_Exercise directions_: The records below hold a stretch from the line with "with \<open>finite P\<close> show ?thesis" through the line with "text \<open>Write \<open>\<BB>(S)"; return exactly those lines, ends included, and nothing more.

[Start of section]

lemma boundary_within_common_sup:
  assumes fin: "finite E" and bd: "boundary_within E X"
    and sup: "is_sup X a" "is_sup Y a" and notin: "a \<notin> X" "a \<notin> Y" and y0: "y0 \<in> Y"
  shows "X \<inter> Y \<noteq> {}"
proof -
  define c where "c = Max (insert y0 {e \<in> E. e < a})"
  have "y0 < a"
    using sup(2) y0 notin(2) unfolding is_sup_def by (metis order_le_imp_less_or_eq)
  then have c: "c < a" "\<forall>e\<in>E. e < a \<longrightarrow> e \<le> c"
    using fin unfolding c_def by auto
  obtain x where x: "x \<in> X" "c < x" "x < a"
    using sup(1) notin(1) c(1) unfolding is_sup_def by (metis order_le_imp_less_or_eq)
  obtain y where y: "y \<in> Y" "c < y" "y < a"
    using sup(2) notin(2) c(1) unfolding is_sup_def by (metis order_le_imp_less_or_eq)
  have "e \<notin> E" if "min x y \<le> e" "e \<le> max x y" for e
  proof
    assume "e \<in> E"
    moreover have "e < a"
      using that x y by (metis le_max_iff_disj order.strict_trans1)
    ultimately have "e \<le> c"
      using c by blast
    then show False
      using that x y by (metis min_le_iff_disj not_le order.strict_trans1)
  qed
  then have "{min x y..max x y} \<inter> E = {}"
    by auto
  then have "y \<in> X"
    using boundary_withinD[OF bd] x by blast
  with y show ?thesis
    by blast
qed

lemma unbounded_coordinate:
  fixes M :: "'a::linorder list set"
  assumes M: "M \<subseteq> cube m" and unbounded: "\<not> bounded_set M"
  shows "\<exists>i<m. \<not> bdd_above ((\<lambda>x. x ! i) ` M) \<or> \<not> bdd_below ((\<lambda>x. x ! i) ` M)"
proof (rule ccontr)
  assume "\<not> ?thesis"
  then have "\<forall>i<m. \<exists>hi. \<forall>x\<in>M. x ! i \<le> hi" "\<forall>i<m. \<exists>lo. \<forall>x\<in>M. lo \<le> x ! i"
    by (auto simp: bdd_above_def bdd_below_def)
  then obtain hi lo where hi: "\<And>i x. i < m \<Longrightarrow> x \<in> M \<Longrightarrow> x ! i \<le> hi i"
    and lo: "\<And>i x. i < m \<Longrightarrow> x \<in> M \<Longrightarrow> lo i \<le> x ! i"
    by metis
  \<comment> \<open>indices range over {..m} only so that Min and Max are taken over nonempty sets\<close>
  have "Min (lo ` {..m}) \<le> t \<and> t \<le> Max (hi ` {..m})" if xs: "xs \<in> M" and t: "t \<in> set xs" for xs t
  proof -
    obtain i where "i < m" "t = xs ! i"
      using xs t M by (auto simp: cube_def in_set_conv_nth)
    with xs hi lo show ?thesis
      by (meson Max_ge Min_le atMost_iff finite_atMost finite_imageI image_eqI less_imp_le
          order_trans)
  qed
  with unbounded show False
    unfolding bounded_set_def by blast
qed

lemma ex_pos_if_not_bounded_set:
  assumes "\<not> bounded_set (M :: 'a::linordered_ab_group_add list set)"
  shows "\<exists>d::'a. 0 < d"
proof (rule ccontr)
  assume "\<nexists>d::'a. 0 < d"
  then have "t = 0" for t :: 'a
    by (metis neg_0_less_iff_less not_less_iff_gr_or_eq)
  then have "bounded_set M"
    unfolding bounded_set_def by (metis order_refl)
  with assms show False ..
qed

locale o_minimal_group =
  fixes S :: "nat \<Rightarrow> ('a::linordered_ab_group_add) list set set"
  assumes o_minimal_expansion: "o_minimal_expansion S"
    and nontrivial: "\<exists>d::'a. 0 < d"
begin

sublocale first_order_structure S
  by unfold_locales (use o_minimal_expansion in \<open>simp add: o_minimal_expansion_def\<close>)

lemma wf_fm_FLess [simp]: "wf_fm S n (FLess i j) \<longleftrightarrow> i < n \<and> j < n"
  using o_minimal_expansion by (simp add: FLess_def o_minimal_expansion_def numeral_2_eq_2)

lemma wf_fm_FPlus [simp]: "wf_fm S n (FPlus i j k) \<longleftrightarrow> i < n \<and> j < n \<and> k < n"
  using o_minimal_expansion by (simp add: FPlus_def o_minimal_expansion_def numeral_3_eq_3)

lemma wf_fm_FConst [simp]: "wf_fm S n (FConst a i) \<longleftrightarrow> i < n"
  by (simp add: FConst_def singleton_in[unfolded One_nat_def])

lemma finite_boundary:
  assumes "A \<in> S 1"
  shows "\<exists>E. finite E \<and> boundary_within E {x. [x] \<in> A}"
proof -
  obtain P F where "finite P" "finite F" "\<forall>I\<in>F. is_open_interval I" and A: "{x. [x] \<in> A} = P \<union> \<Union>F"
    using o_minimal_expansion assms unfolding o_minimal_expansion_def by metis
  then obtain E where "finite E" "boundary_within E (\<Union>F)"
    using boundary_within_Union boundary_within_open_interval by metis
  with \<open>finite P\<close> show ?thesis
    unfolding A by (intro exI[of _ "P \<union> E"]) (simp add: boundary_within_Un boundary_within_self)
qed
text \<open>Write \<open>\<BB>(S) = \<Sum>\<^sub>u b(u) Pr[u \<in> R(g,S)]\<close>. A node outside \<open>S\<close> is reached exactly
  when one of its in-edges is live and \<open>S\<close> meets the set of nodes reaching it; a node of \<open>S\<close>
  is reached surely, and that same event has probability \<open>\<gamma>(u)\<close> for it, leaving the remainder
  \<open>1 - \<gamma>(u)\<close>. The IBS sampler draws \<open>u\<close> with weight \<open>\<gamma>(u) b(u)\<close> and conditions on precisely
  the in-edge event, whose probability is \<open>\<gamma>(u)\<close>; so the weight cancels the conditioning and
  \<open>\<Phi> E[X(S)] = \<Sum>\<^sub>u b(u) Pr[u has a live in-edge and S meets the nodes reaching u]\<close>.
  The second equality is linearity of expectation.\<close>

lemma sum_sample_prob_Pow:
  assumes "finite E"
  shows "(\<Sum>g\<in>Pow E. sample_prob E p g) = 1"
  using prod_add[OF assms, of p "\<lambda>e. 1 - p e"] by (simp add: sample_prob_def)

lemma prob_event_eq_sum_of_bool:
  assumes "finite E"
  shows "prob_event E p A = (\<Sum>g\<in>Pow E. sample_prob E p g * of_bool (A g))"
proof -
  have "{g. g \<subseteq> E \<and> A g} = Pow E \<inter> {g. A g}" by auto
  with assms show ?thesis by (simp add: prob_event_def)
qed

lemma prob_event_cong:
  assumes "\<And>g. g \<subseteq> E \<Longrightarrow> A g \<longleftrightarrow> B g"
  shows "prob_event E p A = prob_event E p B"
  unfolding prob_event_def using assms by (metis (lifting))

lemma prob_event_impossible:
  assumes "\<And>g. g \<subseteq> E \<Longrightarrow> \<not> A g"
  shows "prob_event E p A = 0"
proof -
  have "{g. g \<subseteq> E \<and> A g} = {}" using assms by blast
  then show ?thesis by (simp only: prob_event_def sum.empty)
qed

lemma prob_event_certain:
  assumes "finite E" and "\<And>g. g \<subseteq> E \<Longrightarrow> A g"
  shows "prob_event E p A = 1"
  using prob_event_cong[of E A "\<lambda>_. True" p] assms sum_sample_prob_Pow[OF assms(1)]
  by (simp add: prob_event_eq_sum_of_bool[OF assms(1)])

lemma sample_prob_nonneg:
  assumes "\<forall>e\<in>E. 0 \<le> p e \<and> p e \<le> 1" and "g \<subseteq> E"
  shows "0 \<le> sample_prob E p g"
  unfolding sample_prob_def using assms by (auto intro!: mult_nonneg_nonneg prod_nonneg)

lemma prob_event_nonneg:
  assumes "\<forall>e\<in>E. 0 \<le> p e \<and> p e \<le> 1"
  shows "0 \<le> prob_event E p A"
  unfolding prob_event_def by (rule sum_nonneg) (use sample_prob_nonneg[OF assms] in auto)

lemma prob_event_mono:
  assumes "finite E" and "\<forall>e\<in>E. 0 \<le> p e \<and> p e \<le> 1"
    and "\<And>g. g \<subseteq> E \<Longrightarrow> A g \<Longrightarrow> B g"
  shows "prob_event E p A \<le> prob_event E p B"
  unfolding prob_event_def
  by (rule sum_mono2) (use assms sample_prob_nonneg[OF assms(2)] in auto)

lemma prob_event_compl:
  assumes "finite E"
  shows "prob_event E p (\<lambda>g. \<not> A g) = 1 - prob_event E p A"
proof -
  have "prob_event E p A + prob_event E p (\<lambda>g. \<not> A g) = (\<Sum>g\<in>Pow E. sample_prob E p g)"
    unfolding prob_event_eq_sum_of_bool[OF assms] sum.distrib[symmetric] by (rule sum.cong) auto
  then show ?thesis using sum_sample_prob_Pow[OF assms] by simp
qed

lemma prob_event_avoid:
  assumes "finite E" and "A \<subseteq> E"
  shows "prob_event E p (\<lambda>g. g \<inter> A = {}) = (\<Prod>e\<in>A. 1 - p e)"
proof -
  have "finite A" using assms finite_subset by blast
  have "sample_prob E p g = sample_prob (E - A) p g * (\<Prod>e\<in>A. 1 - p e)"
    if "g \<subseteq> E - A" for g
  proof -
    have "E - g = (E - A - g) \<union> A" using that assms(2) by auto
    then have "(\<Prod>e\<in>E - g. 1 - p e) = (\<Prod>e\<in>E - A - g. 1 - p e) * (\<Prod>e\<in>A. 1 - p e)"
      using prod.union_disjoint[of "E - A - g" A] assms(1) \<open>finite A\<close> by auto
    then show ?thesis by (simp add: sample_prob_def)
  qed
  then have "prob_event E p (\<lambda>g. g \<inter> A = {}) = (\<Sum>g\<in>Pow (E - A). sample_prob (E - A) p g) * (\<Prod>e\<in>A. 1 - p e)"
    unfolding prob_event_def sum_distrib_right by (intro sum.cong) auto
  then show ?thesis using sum_sample_prob_Pow[of "E - A" p] assms(1) by simp
qed

lemma prob_event_has_in_edge:
  assumes "finite E"
  shows "prob_event E p (\<lambda>g. has_in_edge g u) = gamma E p u"
proof -
  let ?A = "(\<lambda>v. (v, u)) ` in_nbrs E u"
  have "prob_event E p (\<lambda>g. \<not> has_in_edge g u) = prob_event E p (\<lambda>g. g \<inter> ?A = {})"
    by (rule prob_event_cong) (auto simp: has_in_edge_def in_nbrs_def)
  also have "\<dots> = (\<Prod>e\<in>?A. 1 - p e)"
    by (rule prob_event_avoid) (use assms in \<open>auto simp: in_nbrs_def\<close>)
  also have "\<dots> = (\<Prod>v\<in>in_nbrs E u. 1 - p (v, u))"
    by (subst prod.reindex) (auto simp: inj_on_def)
  finally show ?thesis
    using prob_event_compl[OF assms, of p "\<lambda>g. has_in_edge g u"] by (simp add: gamma_def)
qed

lemma sum_prob_event_partition:
  assumes "finite E" and "finite V" and "\<And>g. g \<subseteq> E \<Longrightarrow> f g \<in> Pow V"
  shows "(\<Sum>R\<in>Pow V. prob_event E p (\<lambda>g. f g = R \<and> Q g)) = prob_event E p Q"
proof -
  have "prob_event E p (\<lambda>g. f g = R \<and> Q g)
      = (\<Sum>g\<in>Pow E. if f g = R then sample_prob E p g * of_bool (Q g) else 0)" for R
    unfolding prob_event_eq_sum_of_bool[OF assms(1)] by (intro sum.cong) auto
  then have "(\<Sum>R\<in>Pow V. prob_event E p (\<lambda>g. f g = R \<and> Q g))
      = (\<Sum>g\<in>Pow E. \<Sum>R\<in>Pow V. if f g = R then sample_prob E p g * of_bool (Q g) else 0)"
    by (simp add: sum.swap[of _ "Pow V"])
  also have "\<dots> = (\<Sum>g\<in>Pow E. sample_prob E p g * of_bool (Q g))"
    using assms(2,3) by (intro sum.cong) (auto simp: sum.delta')
  finally show ?thesis by (simp add: prob_event_eq_sum_of_bool[OF assms(1)])
qed

lemma prob_event_mult_of_bool:
  "prob_event E p (\<lambda>g. f g = R \<and> Q g) * of_bool (C R) = prob_event E p (\<lambda>g. f g = R \<and> Q g \<and> C (f g))"
proof (cases "C R")
  case True
  then show ?thesis by (auto intro: prob_event_cong)
next
  case False
  then have "prob_event E p (\<lambda>g. f g = R \<and> Q g \<and> C (f g)) = 0"
    by (intro prob_event_impossible) auto
  with False show ?thesis by simp
qed

text \<open>No positivity of \<open>prob_event E p C\<close> is needed: when it vanishes, \<open>cond_prob\<close> is the
  junk value \<open>0\<close> and so are all the joint probabilities on the right.\<close>

lemma prob_event_mult_sum_cond_prob:
  assumes "finite E" and "\<forall>e\<in>E. 0 \<le> p e \<and> p e \<le> 1"
  shows "prob_event E p C * (\<Sum>R\<in>A. cond_prob E p (\<lambda>g. F g = R) C * h R)
       = (\<Sum>R\<in>A. prob_event E p (\<lambda>g. F g = R \<and> C g) * h R)"
proof (cases "prob_event E p C = 0")
  case True
  have "prob_event E p (\<lambda>g. F g = R \<and> C g) = 0" for R
  proof (rule order_antisym)
    have "prob_event E p (\<lambda>g. F g = R \<and> C g) \<le> prob_event E p C"
      by (rule prob_event_mono) (use assms in auto)
    with True show "prob_event E p (\<lambda>g. F g = R \<and> C g) \<le> 0" by simp
  qed (rule prob_event_nonneg[OF assms(2)])
  with True show ?thesis by simp
next
  case False
  then show ?thesis by (simp add: sum_distrib_left cond_prob_def)
qed

lemma rtrancl_endpoints_in_field:
  assumes "(s, v) \<in> g\<^sup>*" and "g \<subseteq> V \<times> V"
  shows "s = v \<or> s \<in> V \<and> v \<in> V"
  using assms by (induction rule: rtrancl_induct) auto

lemma reachable_set_subset:
  "g \<subseteq> V \<times> V \<Longrightarrow> S \<subseteq> V \<Longrightarrow> reachable_set g S \<subseteq> V"
  unfolding reachable_set_def by (auto dest: rtrancl_endpoints_in_field)

lemma reaching_set_subset:
  "g \<subseteq> V \<times> V \<Longrightarrow> u \<in> V \<Longrightarrow> reaching_set g u \<subseteq> V"
  unfolding reaching_set_def by (auto dest: rtrancl_endpoints_in_field)

lemma reachable_set_iff_reaching_set:
  assumes "u \<notin> S"
  shows "u \<in> reachable_set g S \<longleftrightarrow> has_in_edge g u \<and> S \<inter> reaching_set g u \<noteq> {}"
proof
  assume "u \<in> reachable_set g S"
  then obtain s where "s \<in> S" and su: "(s, u) \<in> g\<^sup>*"
    unfolding reachable_set_def by blast
  moreover from \<open>s \<in> S\<close> assms have "s \<noteq> u" by blast
  with su obtain y where "(y, u) \<in> g" by (metis rtranclE)
  ultimately show "has_in_edge g u \<and> S \<inter> reaching_set g u \<noteq> {}"
    unfolding has_in_edge_def reaching_set_def by blast
next
  assume "has_in_edge g u \<and> S \<inter> reaching_set g u \<noteq> {}"
  then show "u \<in> reachable_set g S"
    unfolding reaching_set_def reachable_set_def by blast
qed

lemma X_var_eq_of_bool: "finite S \<Longrightarrow> X_var S R = of_bool (S \<inter> R \<noteq> {})"
  unfolding X_var_def by (auto simp: card_gt_0_iff Suc_le_eq min_def)

lemma benefit_eq_sum_prob_reachable:
  assumes "finite E" and "finite V" and "\<And>g. g \<subseteq> E \<Longrightarrow> reachable_set g S \<subseteq> V"
  shows "benefit E p b S = (\<Sum>u\<in>V. b u * prob_event E p (\<lambda>g. u \<in> reachable_set g S))"
proof -
  have "(\<Sum>u\<in>reachable_set g S. b u) = (\<Sum>u\<in>V. b u * of_bool (u \<in> reachable_set g S))"
    if "g \<subseteq> E" for g
    using assms(2) assms(3)[OF that] by (simp add: Int_absorb1)
  then have "benefit E p b S
      = (\<Sum>g\<in>Pow E. sample_prob E p g * (\<Sum>u\<in>V. b u * of_bool (u \<in> reachable_set g S)))"
    unfolding benefit_def by (intro sum.cong) auto
  also have "\<dots> = (\<Sum>u\<in>V. b u * prob_event E p (\<lambda>g. u \<in> reachable_set g S))"
    unfolding prob_event_eq_sum_of_bool[OF assms(1)] sum_distrib_left
    by (subst sum.swap) (simp add: mult.left_commute)
  finally show ?thesis .
qed

lemma prob_event_reachable:
  assumes "finite E"
  shows "prob_event E p (\<lambda>g. u \<in> reachable_set g S)
       = prob_event E p (\<lambda>g. has_in_edge g u \<and> S \<inter> reaching_set g u \<noteq> {})
         + of_bool (u \<in> S) * (1 - gamma E p u)"
proof (cases "u \<in> S")
  case True
  have "prob_event E p (\<lambda>g. u \<in> reachable_set g S) = 1"
    by (rule prob_event_certain[OF assms]) (use True in \<open>auto simp: reachable_set_def\<close>)
  moreover have "prob_event E p (\<lambda>g. has_in_edge g u \<and> S \<inter> reaching_set g u \<noteq> {})
      = prob_event E p (\<lambda>g. has_in_edge g u)"
    by (rule prob_event_cong) (use True in \<open>auto simp: reaching_set_def\<close>)
  ultimately show ?thesis using True prob_event_has_in_edge[OF assms] by simp
next
  case False
  then show ?thesis by (simp add: reachable_set_iff_reaching_set)
qed

lemma benefit_eq_sum_prob_in_edge:
  assumes "finite V" and "E \<subseteq> V \<times> V" and "S \<subseteq> V"
  shows "benefit E p b S
       = (\<Sum>u\<in>V. b u * prob_event E p (\<lambda>g. has_in_edge g u \<and> S \<inter> reaching_set g u \<noteq> {}))
         + (\<Sum>v\<in>S. (1 - gamma E p v) * b v)"
proof -
  have "finite E" using assms(1,2) finite_subset by blast
  have "benefit E p b S = (\<Sum>u\<in>V. b u * prob_event E p (\<lambda>g. u \<in> reachable_set g S))"
    by (rule benefit_eq_sum_prob_reachable[OF \<open>finite E\<close> assms(1)])
      (use reachable_set_subset[OF _ assms(3)] assms(2) in blast)
  also have "\<dots> = (\<Sum>u\<in>V. b u * prob_event E p (\<lambda>g. has_in_edge g u \<and> S \<inter> reaching_set g u \<noteq> {}))
      + (\<Sum>u\<in>V. of_bool (u \<in> S) * ((1 - gamma E p u) * b u))"
    unfolding sum.distrib[symmetric] prob_event_reachable[OF \<open>finite E\<close>]
    by (intro sum.cong) (simp_all add: algebra_simps)
  finally show ?thesis using assms(1,3) by (simp add: Int_absorb1)
qed

lemma Phi_mult_ibs_expect:
  assumes "finite E" and "\<forall>e\<in>E. 0 \<le> p e \<and> p e \<le> 1" and "Phi V E p b \<noteq> 0"
  shows "Phi V E p b * ibs_expect V E p b f
       = (\<Sum>u\<in>V. b u * (\<Sum>R\<in>Pow V.
            prob_event E p (\<lambda>g. reaching_set g u = R \<and> has_in_edge g u) * f R))"
proof -
  let ?cond = "\<lambda>u R. cond_prob E p (\<lambda>g. reaching_set g u = R) (\<lambda>g. has_in_edge g u)"
  have "ibs_expect V E p b f
      = (\<Sum>u\<in>V. b u / Phi V E p b * (gamma E p u * (\<Sum>R\<in>Pow V. ?cond u R * f R)))"
    unfolding ibs_expect_def ibs_prob_def sum_distrib_right sum_distrib_left
    by (subst sum.swap) (auto intro!: sum.cong)
  also have "\<dots> = (\<Sum>u\<in>V. b u / Phi V E p b * (\<Sum>R\<in>Pow V.
            prob_event E p (\<lambda>g. reaching_set g u = R \<and> has_in_edge g u) * f R))"
    by (simp add: prob_event_has_in_edge[OF assms(1), symmetric]
        prob_event_mult_sum_cond_prob[OF assms(1,2)])
  finally show ?thesis using assms(3) by (simp add: sum_distrib_left)
qed

lemma sum_ibs_prob:
  assumes "finite V" and "E \<subseteq> V \<times> V" and "\<forall>e\<in>E. 0 \<le> p e \<and> p e \<le> 1"
    and "Phi V E p b \<noteq> 0"
  shows "(\<Sum>R\<in>Pow V. ibs_prob V E p b R) = 1"
proof -
  have "finite E" using assms(1,2) finite_subset by blast
  have "(\<Sum>R\<in>Pow V. prob_event E p (\<lambda>g. reaching_set g u = R \<and> has_in_edge g u) * 1)
      = gamma E p u" if "u \<in> V" for u
    using sum_prob_event_partition[OF \<open>finite E\<close> assms(1)] reaching_set_subset[of _ V u]
      prob_event_has_in_edge[OF \<open>finite E\<close>] assms(2) that
    by (simp add: subset_trans)
  then have "Phi V E p b * ibs_expect V E p b (\<lambda>_. 1) = Phi V E p b"
    unfolding Phi_mult_ibs_expect[OF \<open>finite E\<close> assms(3,4)]
    by (simp add: Phi_def mult.commute)
  with assms(4) show ?thesis by (simp add: ibs_expect_def)
qed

[End of section]

_Answer to this problem_:
  with \<open>finite P\<close> show ?thesis
    unfolding A by (intro exI[of _ "P \<union> E"]) (simp add: boundary_within_Un boundary_within_self)
qed
text \<open>Write \<open>\<BB>(S) = \<Sum>\<^sub>u b(u) Pr[u \<in> R(g,S)]\<close>. A node outside \<open>S\<close> is reached exactly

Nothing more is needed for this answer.